*** Opening of Extracted data ***
lemma avgI_mult_avgI_inverse:
  "avgI g * avgI (\<lambda>\<nu>. 1 / g \<nu>) = 1 + avgI (\<lambda>\<nu>. (g \<nu> - avgI g)\<^sup>2 / g \<nu>) / avgI g"
proof -
  define c where "c = avgI g"
  have [measurable]: "g \<in> borel_measurable borel"
    using g_cont by (rule borel_measurable_continuous_onI)
  have g_int: "set_integrable lborel freqI g"
    by (rule set_integrable_freqI_continuous[OF g_cont])
  have const_int: "set_integrable lborel freqI (\<lambda>_. 2 * c)"
    by (rule set_integrable_freqI_continuous) simp
  have "avgI (\<lambda>\<nu>. (g \<nu> - c)\<^sup>2 / g \<nu>) = avgI (\<lambda>\<nu>. g \<nu> - 2 * c + c\<^sup>2 * (1 / g \<nu>))"
    using deviation_ratio_eq_AE by (rule avgI_cong_AE[rotated 2]) auto
  also have "\<dots> = avgI (\<lambda>\<nu>. g \<nu> - 2 * c) + avgI (\<lambda>\<nu>. c\<^sup>2 * (1 / g \<nu>))"
    unfolding avgI_def
    by (rule set_integral_add(2)[OF set_integral_diff(1)[OF g_int const_int]
          set_integrable_mult_right[OF inverse_integrable]])
  also have "\<dots> = avgI g - avgI (\<lambda>_. 2 * c) + c\<^sup>2 * avgI (\<lambda>\<nu>. 1 / g \<nu>)"
    unfolding avgI_def by (simp only: set_integral_diff(2)[OF g_int const_int] set_integral_mult_right)
  finally have "avgI (\<lambda>\<nu>. (g \<nu> - c)\<^sup>2 / g \<nu>) = c\<^sup>2 * avgI (\<lambda>\<nu>. 1 / g \<nu>) - c"
    by (simp add: c_def)
  then show ?thesis
    using avgI_weight_pos unfolding c_def[symmetric] by (simp add: field_simps power2_eq_square)
qed

lemma avgI_mult_avgI_inverse_gt_1:
  assumes nonconst: "\<not> (AE \<nu> in lborel. \<nu> \<in> freqI \<longrightarrow> g \<nu> = avgI g)"
  shows "1 < avgI g * avgI (\<lambda>\<nu>. 1 / g \<nu>)"
proof -
  have "avgI (\<lambda>\<nu>. (g \<nu> - avgI g)\<^sup>2 / g \<nu>) > 0"
  proof (rule avgI_pos_of_not_AE_zero[OF set_integrable_deviation_ratio])
    show "AE \<nu> in lborel. \<nu> \<in> freqI \<longrightarrow> (g \<nu> - avgI g)\<^sup>2 / g \<nu> \<ge> 0"
      using g_pos by eventually_elim auto
    show "\<not> (AE \<nu> in lborel. \<nu> \<in> freqI \<longrightarrow> (g \<nu> - avgI g)\<^sup>2 / g \<nu> = 0)"
    proof
      assume "AE \<nu> in lborel. \<nu> \<in> freqI \<longrightarrow> (g \<nu> - avgI g)\<^sup>2 / g \<nu> = 0"
      with g_pos have "AE \<nu> in lborel. \<nu> \<in> freqI \<longrightarrow> g \<nu> = avgI g" by eventually_elim auto
      with nonconst show False by blast
    qed
  qed
  then show ?thesis using avgI_mult_avgI_inverse avgI_weight_pos by simp
qed
(* Represent the elements c of a set A of unit vectors of the ultraproduct, |A| < \<kappa>, by
   families f_c.  In each coordinate \<alpha>, ASQ of X_\<alpha> applied to the normalised vectors
   sgn (f_c \<alpha>) with tolerance \<epsilon> \<alpha> yields a unit vector y \<alpha> with
   \<parallel>f_c \<alpha> \<plusminus> y \<alpha>\<parallel> \<le> 1 + \<epsilon> \<alpha> + |\<parallel>f_c \<alpha>\<parallel> - 1|.
   Since U is \<aleph>_1-incomplete, the tolerances can be chosen positive with lim_U \<epsilon> = 0, while
   lim_U \<parallel>f_c\<parallel> = 1; so the class Y of y is a unit vector with \<parallel>c \<plusminus> Y\<parallel> \<le> 1 exactly:
   the errors disappear in the limit. *)

lemma ultrafilter_over_eventually_cases:
  assumes "ultrafilter_over I U"
  shows "eventually P U \<or> eventually (\<lambda>x. \<not> P x) U"
proof -
  have "\<forall>S\<subseteq>I. eventually (\<lambda>x. x \<in> S) U \<or> eventually (\<lambda>x. x \<in> I - S) U"
    using assms unfolding ultrafilter_over_def by (elim conjE)
  from this[rule_format, OF Collect_subset[of I P]]
  show ?thesis
  proof
    assume "eventually (\<lambda>x. x \<in> {x\<in>I. P x}) U"
    then show ?thesis
      by (simp add: eventually_mono)
  next
    assume "eventually (\<lambda>x. x \<in> I - {x\<in>I. P x}) U"
    then show ?thesis
      by (simp add: eventually_mono)
  qed
qed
*** Close of Extracted data ***
Each line with the word "then" in the records above belongs in the result; copy all of them.

  then show ?thesis
  then show ?thesis using avgI_mult_avgI_inverse avgI_weight_pos by simp
    then show ?thesis
    then show ?thesis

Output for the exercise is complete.